Ben Katchor, artist, urban philospher, and all-around cool guy (Photograph by Barry Munger)

Katchor’s work is essential, in the same way as is the work of, say, Art Spiegelman, John Ford, and Galway Kinnell. Each compels us to look again at the paths we trod, day in, day out, revealing gateways where the mundane and the eternal intersect.

The sound of trapped air escaping. Is it "Geyser brand beef stew with tomatoes," "sentimental spaghetti with hidden meatballs," "premature pears in heavy syrup," or "unconscious picnic ham in its own sweat"? "The end of my spoon is absent," a character muses aloud, dipping a spoon into a hot bowl of pea soup while crossing the street, "but not gone." (from "The Cardboard Valise," New York: Pantheon Books, 2011--used with permission)

I discovered Katchor’s work many years ago during a long spell when I subscribed to The Forward, one of North America’s great newspapers, and saw his weekly strip, “Julius Knipl, Real Estate Photographer.” Katchor’s work is the recreation of a lost world even as it is the creation of a world that never existed. It is where our memories of the teeth of escalators mingle with the shadow play of light in revolving doors, where the look and feel and sound of brittle, yellowed cellophane tape on the pages of old scrapbooks collide with the taste of Christmas ribbon candy, where a man in boxer shorts and paper flip-flops reading a travel brochure about Outer Canthus and the Tensint Islands crosses the street to smack into a vendor of used staples.

Katchor's protagonists, including Elijah Salamis--here seen crossing a windswept corner of Kavanah Avenue, on a cold night in Fluxion City, in his skivvies--are eternally bemused yet knowing, open to unexpected discoveries, confident that every detail of the ever-changing universe has purpose and meaning. (from "The Cardboard Valise," New York: Pantheon Books, 2011--used with permission)

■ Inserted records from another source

locale mobius_mixture =
  fixes I :: "'i set" and w A :: "'i \<Rightarrow> real" and a :: real
  assumes finite_I: "finite I" and I_nonempty: "I \<noteq> {}"
    and w_pos: "\<And>g. g \<in> I \<Longrightarrow> 0 < w g" and w_sum: "sum w I = 1"
    and A_bound: "\<And>g. g \<in> I \<Longrightarrow> \<bar>A g\<bar> \<le> a" and a_less_1: "a < 1"
begin

lemma a_nonneg: "0 \<le> a"
  using I_nonempty A_bound by fastforce

lemma denominator_pos: "g \<in> I \<Longrightarrow> \<bar>D\<bar> \<le> 1 \<Longrightarrow> 0 < 1 + A g * D"
  using one_add_mult_bounds(1)[OF A_bound] a_less_1 by fastforce

lemma A_sq_less_1: "g \<in> I \<Longrightarrow> (A g)\<^sup>2 < 1"
  using A_bound a_less_1 by (metis abs_square_less_1 le_less_trans)

lemma mobius_mix_has_real_derivative:
  assumes "\<bar>D\<bar> \<le> 1"
  shows "(mobius_mix I w A C has_real_derivative mobius_mix_deriv I w A D) (at D)"
proof -
  have "((\<lambda>D. (\<Sum>g\<in>I. w g * mobius (A g) D) - C) has_real_derivative
      (\<Sum>g\<in>I. w g * ((1 - (A g)\<^sup>2) / (1 + A g * D)\<^sup>2)) - 0) (at D)"
    using denominator_pos[OF _ assms]
    by (intro DERIV_diff DERIV_sum DERIV_const DERIV_cmult mobius_has_real_derivative)
      (metis less_irrefl)
  then show ?thesis
    unfolding mobius_mix_def[abs_def] mobius_mix_deriv_def by simp
qed

lemma deriv_mobius_mix: "\<bar>D\<bar> \<le> 1 \<Longrightarrow> deriv (mobius_mix I w A C) D = mobius_mix_deriv I w A D"
  by (rule DERIV_imp_deriv) (rule mobius_mix_has_real_derivative)

lemma mobius_mix_deriv_pos: "\<bar>D\<bar> \<le> 1 \<Longrightarrow> 0 < mobius_mix_deriv I w A D"
  unfolding mobius_mix_deriv_def using finite_I I_nonempty
  by (intro sum_pos mult_pos_pos divide_pos_pos w_pos zero_less_power denominator_pos)
    (auto dest: A_sq_less_1)

lemma mobius_mix_neg_1: "mobius_mix I w A C (-1) = -1 - C"
proof -
  have "mobius (A g) (-1) = -1" if "g \<in> I" for g
    using A_bound[OF that] a_less_1 by (intro mobius_neg_1) auto
  then show ?thesis
    unfolding mobius_mix_def using w_sum by (simp add: sum_negf)
qed
lemma measure_normal_density_atMost:
  assumes s: "0 < s"
  shows "measure (density lborel (normal_density 0 s)) {..w} = std_normal_cdf (w / s)"
proof -
  have int: "integrable lborel (\<lambda>x. normal_density 0 s x * indicator {..w} x)"
    using s by (intro integrable_real_mult_indicator) auto
  have "emeasure (density lborel (normal_density 0 s)) {..w} =
      (\<integral>\<^sup>+x. ennreal (normal_density 0 s x * indicator {..w} x) \<partial>lborel)"
    by (auto simp: emeasure_density intro!: nn_integral_cong split: split_indicator)
  also have "\<dots> = ennreal (\<integral>x. normal_density 0 s x * indicator {..w} x \<partial>lborel)"
    by (rule nn_integral_eq_integral[OF int]) auto
  also have "(\<integral>x. normal_density 0 s x * indicator {..w} x \<partial>lborel) =
      s * (\<integral>y. normal_density 0 s (s * y) * indicator {..w} (s * y) \<partial>lborel)"
    using lborel_integral_real_affine[where c=s and t=0 and f="\<lambda>x. normal_density 0 s x * indicator {..w} x"] s
    by simp
  also have "\<dots> = (\<integral>y. indicator {..w / s} y * std_normal_density y \<partial>lborel)"
  proof -
    have "normal_density 0 s (s * y) * indicator {..w} (s * y) =
        indicator {..w / s} y * std_normal_density y / s" for y
      using s by (auto simp: normal_density_scale field_simps split: split_indicator)
    then show ?thesis
      using s by simp
  qed
  also have "\<dots> = std_normal_cdf (w / s)"
    by (simp add: std_normal_cdf_def set_lebesgue_integral_def)
  finally show ?thesis
    by (simp add: measure_def std_normal_cdf_nonneg)
qed
theorem theorem3:
  fixes P :: opmat
  assumes "perm_opmat 4 P"
  shows "\<not> (\<exists>L :: opmat.
            invertible_opmat 4 L
          \<and> (\<forall>i<4. \<forall>j<4. in_Rq (L i j))
          \<and> mat_eq 4 4 (mmul 4 L (madj L)) (mmul 5 (madj (mmul 4 Mmat P)) (mmul 4 Mmat P))
          \<and> lower_tri 4 L
          \<and> (\<forall>i<4. \<forall>j<4. op_eq (mmul 5 (madj (mmul 4 Mmat P)) (mmul 4 Mmat P) i j) op_zero
                \<longrightarrow> op_eq (L i j) op_zero))"
proof (intro notI, elim exE conjE)
  let ?G = "mmul 5 (madj (mmul 4 Mmat P)) (mmul 4 Mmat P)"
  fix L
  assume inv: "invertible_opmat 4 L" and Rq: "\<forall>i<4. \<forall>j<4. in_Rq (L i j)"
    and factor: "mat_eq 4 4 (mmul 4 L (madj L)) ?G" and tri: "lower_tri 4 L"
    and sparse: "\<forall>i<4. \<forall>j<4. op_eq (?G i j) op_zero \<longrightarrow> op_eq (L i j) op_zero"
  obtain \<sigma> where \<sigma>: "bij_betw \<sigma> {..<4} {..<4}"
    and P: "\<forall>r<4. \<forall>j<4. P r j = (if r = \<sigma> j then op_one else op_zero)"
    using perm_opmat_columns[OF assms] by blast
  have gram: "op_eq (?G i j) (Mgram (\<sigma> i) (\<sigma> j))"
    if "i < 4" "j < 4" for i j
    using gram_mmul_perm_right[OF P \<sigma> _ that] Mmat_apply_zero mmul_madj_Mmat bij_betw_apply[OF \<sigma>] that
    by simp
  show False
  proof (rule no_sparse_lower_tri_factor_Mgram[OF \<sigma> Rq tri])
    show "L 0 0 (unit_seq 0) 0 \<noteq> 0"
      using invertible_lower_tri_const_diag[OF inv Rq tri] by simp
    show "mat_eq 4 4 (mmul 4 L (madj L)) (\<lambda>i j. Mgram (\<sigma> i) (\<sigma> j))"
      using factor gram by (simp add: mat_eq_def op_eq_def)
    show "\<forall>i<4. \<forall>j<4. op_eq (Mgram (\<sigma> i) (\<sigma> j)) op_zero \<longrightarrow> op_eq (L i j) op_zero"
      using sparse gram by (simp add: op_eq_def)
  qed
qed

end
lemma is_rep_extend_rep:
  assumes Y: "is_rep Q' Y"
  shows "is_rep Q (extend_rep Q i \<rho> Y)"
  unfolding is_rep_def
proof (intro conjI allI ballI impI)
  fix u w x assume uw: "(u, w) \<in> snd Q" and wx: "(w, x) \<in> snd Q"
  let ?X = "extend_rep Q i \<rho> Y"
  consider "u \<noteq> i" "w \<noteq> i" "x \<noteq> i" | "u = i \<or> w = i" | "x = i" by blast
  then show "rmap ?X (w, x) * rmap ?X (u, w) = 0\<^sub>m (rdim ?X x) (rdim ?X u)"
  proof cases
    case 1
    then show ?thesis
      using rep_radical_square_zero[OF Y \<rho>_arrow[OF uw] \<rho>_arrow[OF wx]] uw wx Q.arrow_vertices
      by (auto simp: rmap_extend_rep rdim_extend_rep)
  next
    case 2
    then have "rmap ?X (u, w) = 0\<^sub>m (rdim ?X w) (rdim ?X u)"
      by (auto simp: rmap_extend_rep)
    then show ?thesis
      using right_mult_zero_mat[OF rmap_extend_rep_carrier[OF Y, of "(w, x)"]] by simp
  next
    case 3
    then have "rmap ?X (w, x) = 0\<^sub>m (rdim ?X x) (rdim ?X w)"
      by (auto simp: rmap_extend_rep)
    then show ?thesis
      using left_mult_zero_mat[OF rmap_extend_rep_carrier[OF Y, of "(u, w)"]] by simp
  qed
next
  fix e show "rmap (extend_rep Q i \<rho> Y) e \<in>
      carrier_mat (rdim (extend_rep Q i \<rho> Y) (snd e)) (rdim (extend_rep Q i \<rho> Y) (fst e))"
    by (rule rmap_extend_rep_carrier[OF Y])
qed (auto simp: rdim_extend_rep extend_rep_def)

lemma restrict_extend_rep:
  assumes Y: "is_rep Q' Y"
  shows "restrict_rep Q' \<sigma> (extend_rep Q i \<rho> Y) = Y"
proof (rule rep.equality)
  show dims: "rdim (restrict_rep Q' \<sigma> (extend_rep Q i \<rho> Y)) = rdim Y"
    using \<sigma>_vertex \<rho>_\<sigma> rep_outside[OF Y] by (auto simp: rdim_restrict_rep rdim_extend_rep)
  show "rmap (restrict_rep Q' \<sigma> (extend_rep Q i \<rho> Y)) = rmap Y"
  proof
    fix e :: "nat \<times> nat"
    obtain k l where e: "e = (k, l)" by (cases e)
    show "rmap (restrict_rep Q' \<sigma> (extend_rep Q i \<rho> Y)) e = rmap Y e"
    proof (cases "e \<in> snd Q'")
      case True
      then show ?thesis
        using e \<sigma>_arrow \<sigma>_vertex \<rho>_\<sigma> Q'.arrow_vertices
        by (auto simp: rmap_restrict_rep rmap_extend_rep)
    next
      case False
      then show ?thesis
        using e dims Y unfolding is_rep_def by (simp add: rmap_restrict_rep)
    qed
  qed
qed simp

lemma cat_equivalent_vanishing_at_deleted_vertex:
  "cat_equivalent Q {X :: 'a::field rep. is_rep Q X \<and> rdim X i = 0} Q'"
  unfolding cat_equivalent_def
proof (intro exI[of _ "restrict_rep Q' \<sigma>"] exI[of _ "\<lambda>_ _. restrict_hom Q' \<sigma>"] conjI ballI allI impI)
  fix Y :: "'a rep" assume Y: "is_rep Q' Y"
  have "extend_rep Q i \<rho> Y \<in> {X. is_rep Q X \<and> rdim X i = 0}"
    using is_rep_extend_rep[OF Y] by (simp add: rdim_extend_rep)
  then show "\<exists>X \<in> {X. is_rep Q X \<and> rdim X i = 0}. isomorphic Q' (restrict_rep Q' \<sigma> X) Y"
    using Q'.isomorphic_refl[OF Y] restrict_extend_rep[OF Y] by metis
next
  fix X Y :: "'a rep" assume "X \<in> {X. is_rep Q X \<and> rdim X i = 0}" "Y \<in> {X. is_rep Q X \<and> rdim X i = 0}"
  then show "inj_on (restrict_hom Q' \<sigma>) (Hom Q X Y)"
    by (simp add: inj_on_restrict_hom)
next
  fix X Y :: "'a rep" assume "X \<in> {X. is_rep Q X \<and> rdim X i = 0}" "Y \<in> {X. is_rep Q X \<and> rdim X i = 0}"
  then show "restrict_hom Q' \<sigma> ` Hom Q X Y = Hom Q' (restrict_rep Q' \<sigma> X) (restrict_rep Q' \<sigma> Y)"
    by (simp add: restrict_hom_image_Hom)
qed (auto simp: Hom_def is_rep_restrict_rep is_hom_restrict_hom restrict_hom_id restrict_hom_comp)

end

section \<open>The cyclic quiver\<close>

lemma mem_snd_Lambda2: "(u, w) \<in> snd (Lambda2 n) \<longleftrightarrow> u < n \<and> w = Suc u mod n"
  by (auto simp: Lambda2_def)

lemma mem_snd_Gamma2: "(k, l) \<in> snd (Gamma2 m) \<longleftrightarrow> l = Suc k \<and> Suc k < m"
  by (auto simp: Gamma2_def)

lemma loopless_quiver_Lambda2:
  assumes "2 \<le> n"
  shows "loopless_quiver (Lambda2 n)"
proof
  fix u w assume "(u, w) \<in> snd (Lambda2 n)"
  then show "u \<in> fst (Lambda2 n) \<and> w \<in> fst (Lambda2 n)"
    by (auto simp: mem_snd_Lambda2 Lambda2_def)
next
  fix u show "(u, u) \<notin> snd (Lambda2 n)"
  proof
    assume "(u, u) \<in> snd (Lambda2 n)"
    then have u: "u < n" and loop: "Suc u mod n = u" by (simp_all add: mem_snd_Lambda2)
    show False
    proof (cases "Suc u < n")
      case True
      then show False using loop by simp
    next
      case False
      then have "Suc u = n" using u by simp
      then show False using loop assms by auto
    qed
  qed
qed

lemma wf_quiver_Gamma2: "wf_quiver (Gamma2 m)"
  by unfold_locales (auto simp: Gamma2_def)

lemma rotate_mod_inverse:
  fixes k n a b :: nat
  assumes "k < n" and "a + b = n"
  shows "((k + a) mod n + b) mod n = k"
proof -
  have "((k + a) mod n + b) mod n = (k + (a + b)) mod n"
    by (simp add: mod_add_left_eq add.assoc)
  then show ?thesis using assms by simp
qed

lemma vertex_deletion_Lambda2:
  assumes n: "2 \<le> n" and i: "i < n"
  shows "vertex_deletion (Lambda2 n) (Gamma2 (n - 1)) i
           (\<lambda>k. (k + Suc i) mod n) (\<lambda>v. (v + (n - Suc i)) mod n)"
proof -
  let ?\<sigma> = "\<lambda>k. (k + Suc i) mod n" and ?\<rho> = "\<lambda>v. (v + (n - Suc i)) mod n"
  have \<rho>_\<sigma>: "?\<rho> (?\<sigma> k) = k" if "k < n" for k
    using that i by (intro rotate_mod_inverse) auto
  have \<sigma>_\<rho>: "?\<sigma> (?\<rho> v) = v" if "v < n" for v
    using that i by (intro rotate_mod_inverse) auto
  have \<rho>_i: "?\<rho> i = n - 1"
    using i by simp
  have \<sigma>_last: "?\<sigma> (n - 1) = i"
    using i n by (simp add: le_mod_geq)
  show ?thesis
  proof (intro_locales)
    show "wf_quiver (Lambda2 n)"
      using loopless_quiver_Lambda2[OF n] by (simp add: loopless_quiver_def)
    show "wf_quiver (Gamma2 (n - 1))"
      by (rule wf_quiver_Gamma2)
    show "vertex_deletion_axioms (Lambda2 n) (Gamma2 (n - 1)) i ?\<sigma> ?\<rho>"
    proof
      fix k assume "k \<in> fst (Gamma2 (n - 1))"
      then have k: "k < n - 1" by (simp add: Gamma2_def)
      have "?\<sigma> k \<noteq> i"
      proof
        assume "?\<sigma> k = i"
        have "k = ?\<rho> (?\<sigma> k)" using \<rho>_\<sigma>[of k] k by simp
        also have "\<dots> = n - 1" using \<open>?\<sigma> k = i\<close> \<rho>_i by simp
        finally show False using k by simp
      qed
      then show "?\<sigma> k \<in> fst (Lambda2 n) \<and> ?\<sigma> k \<noteq> i"
        using n by (simp add: Lambda2_def)
      show "?\<rho> (?\<sigma> k) = k" using k \<rho>_\<sigma> by simp
    next
      fix v assume "v \<in> fst (Lambda2 n)" "v \<noteq> i"
      then have v: "v < n" "v \<noteq> i" by (auto simp: Lambda2_def)
      have "?\<rho> v \<noteq> n - 1"
      proof
        assume "?\<rho> v = n - 1"
        then have "v = ?\<sigma> (n - 1)" using \<sigma>_\<rho>[of v] v by simp
        then show False using \<sigma>_last v by simp
      qed
      moreover have "?\<rho> v < n" using n by simp
      ultimately show "?\<rho> v \<in> fst (Gamma2 (n - 1))"
        by (simp add: Gamma2_def)
      show "?\<sigma> (?\<rho> v) = v" using v \<sigma>_\<rho> by simp
    next
      fix k l assume "k \<in> fst (Gamma2 (n - 1))" "l \<in> fst (Gamma2 (n - 1))"
      then have k: "k < n - 1" and l: "l < n - 1" by (auto simp: Gamma2_def)
      have "l = Suc k" if "?\<sigma> l = ?\<sigma> (Suc k)"
      proof -
        have "l = ?\<rho> (?\<sigma> l)" using \<rho>_\<sigma>[of l] l by simp
        also have "\<dots> = ?\<rho> (?\<sigma> (Suc k))" using that by simp
        also have "\<dots> = Suc k" using \<rho>_\<sigma>[of "Suc k"] k by simp
        finally show ?thesis .
      qed
      moreover have "Suc (?\<sigma> k) mod n = ?\<sigma> (Suc k)"
        by (simp add: mod_Suc_eq)
      moreover have "?\<sigma> k < n" using n by simp
      ultimately show "(k, l) \<in> snd (Gamma2 (n - 1)) \<longleftrightarrow> (?\<sigma> k, ?\<sigma> l) \<in> snd (Lambda2 n)"
        using l unfolding mem_snd_Gamma2 mem_snd_Lambda2 by auto
    qed
  qed
qed

theorem proposition5p1:
  fixes n i :: nat
  assumes alg_closed: "\<forall>q :: 'a::field poly. degree q \<ge> 1 \<longrightarrow> (\<exists>x. poly q x = 0)"
    and n2: "n \<ge> 2"
    and i: "i < n"
  shows "cat_equivalent (Lambda2 n)
           (tau_perp (Lambda2 n) (proj_rep (Lambda2 n) i :: 'a rep))
           (Gamma2 (n - 1))"
proof -
  have "i \<in> fst (Lambda2 n)"
    using i by (simp add: Lambda2_def)
  then have "tau_perp (Lambda2 n) (proj_rep (Lambda2 n) i :: 'a rep) =
      {X. is_rep (Lambda2 n) X \<and> rdim X i = 0}"
    by (rule loopless_quiver.tau_perp_proj_rep[OF loopless_quiver_Lambda2[OF n2]])
  then show ?thesis
    using vertex_deletion.cat_equivalent_vanishing_at_deleted_vertex[OF vertex_deletion_Lambda2[OF n2 i]]
    by simp
qed

end
(* Let $\mathcal{A}=\mathcal{R}*_K\mathcal{S}*_L\mathcal{T}\in\mathbb{C}^{I_1\times\cdots\times I_N\times J_1\times\cdots\times J_M}$, where $\mathcal{R}\in\mathbb{C}^{I_1\times\cdots\times I_N\times H_1\times\cdots\times H_K}$, $\mathcal{S}\in\mathbb{C}^{H_1\times\cdots\times H_K\times G_1\times\cdots\times G_L}$ and $\mathcal{T}\in\mathbb{C}^{G_1\times\cdots\times G_L\times J_1\times\cdots\times J_M}$. Then $$\mathcal{A}^{\dagger}=(\mathcal{R}*_K\mathcal{S}*_L\mathcal{T})^{\dagger}=(\mathcal{R}^{\dagger}*_N\mathcal{A})^{\dagger}*_K\mathcal{R}^{\dagger}*_N\mathcal{A}*_M\mathcal{T}^{\dagger}*_L(\mathcal{A}*_M\mathcal{T}^{\dagger})^{\dagger}=(\mathcal{R}^{\dagger}*_N\mathcal{A})^{\dagger}*_K\mathcal{S}*_L(\mathcal{A}*_M\mathcal{T}^{\dagger})^{\dagger}.$$
   Context: $\mathbb{C}^{I_1\times\cdots\times I_N}$ denotes the set of complex tensors of order $N$ and dimension $I_1\times\cdots\times I_N$. For $\mathcal{A}\in\mathbb{C}^{I_1\times\cdots\times I_N\times K_1\times\cdots\times K_N}$ and $\mathcal{B}\in\mathbb{C}^{K_1\times\cdots\times K_N\times J_1\times\cdots\times J_M}$, the Einstein product $\mathcal{A}*_N\mathcal{B}$ is defined by $(\mathcal{A}*_N\mathcal{B})_{i_1\dots i_N j_1\dots j_M}=\sum_{k_1,\dots,k_N}a_{i_1\dots i_N k_1\dots k_N}b_{k_1\dots k_N j_1\dots j_M}$; it is associative. $\mathcal{A}^H$ denotes the conjugate transpose (swap the two groups of indices and conjugate entries). For $\mathcal{A}\in\mathbb{C}^{I_1\times\cdots\times I_N\times J_1\times\cdots\times J_M}$ the Moore–Penrose inverse $\mathcal{A}^{\dagger}$ is the unique $\mathcal{X}\in\mathbb{C}^{J_1\times\cdots\times J_M\times I_1\times\cdots\times I_N}$ with $\mathcal{A}*_M\mathcal{X}*_N\mathcal{A}=\mathcal{A}$, $\mathcal{X}*_N\mathcal{A}*_M\mathcal{X}=\mathcal{X}$, $(\mathcal{A}*_M\mathcal{X})^H=\mathcal{A}*_M\mathcal{X}$, $(\mathcal{X}*_N\mathcal{A})^H=\mathcal{X}*_N\mathcal{A}$. *)

theory Defs
  imports Complex_Main
begin

definition idx :: "nat list \<Rightarrow> nat list set" where
  "idx ds = {is. length is = length ds \<and> (\<forall>k < length ds. is ! k < ds ! k)}"

text \<open>A tensor in C^(I_1 x ... x I_N x J_1 x ... x J_M), stored as a function of the
  two index groups, zero outside the index range.\<close>
definition tensor :: "nat list \<Rightarrow> nat list \<Rightarrow> (nat list \<Rightarrow> nat list \<Rightarrow> complex) set" where
  "tensor I J = {A. \<forall>is js. (is \<notin> idx I \<or> js \<notin> idx J) \<longrightarrow> A is js = 0}"

definition ein :: "nat list \<Rightarrow> (nat list \<Rightarrow> nat list \<Rightarrow> complex) \<Rightarrow>
    (nat list \<Rightarrow> nat list \<Rightarrow> complex) \<Rightarrow> (nat list \<Rightarrow> nat list \<Rightarrow> complex)" where
  "ein K A B = (\<lambda>is js. \<Sum>ks\<in>idx K. A is ks * B ks js)"

definition ctr :: "(nat list \<Rightarrow> nat list \<Rightarrow> complex) \<Rightarrow> (nat list \<Rightarrow> nat list \<Rightarrow> complex)" where
  "ctr A = (\<lambda>is js. cnj (A js is))"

Description is useless. Walk, don’t run–no, wait: better yet, amble–to your nearest public library, and request everything that Ben Katchor has published. Seek him out online. Go to amazon.com or abebooks.com and spend your hard-earned money on his deserving art. His work is an endless delight.

Litter and its shadow, made to be more than important: essential. (from "The Cardboard Valise," New York: Pantheon Books, 2011--used with permission)

So. Here is what I found, in assorted, uncaptioned iterations. Okay, one caption.

You have mail.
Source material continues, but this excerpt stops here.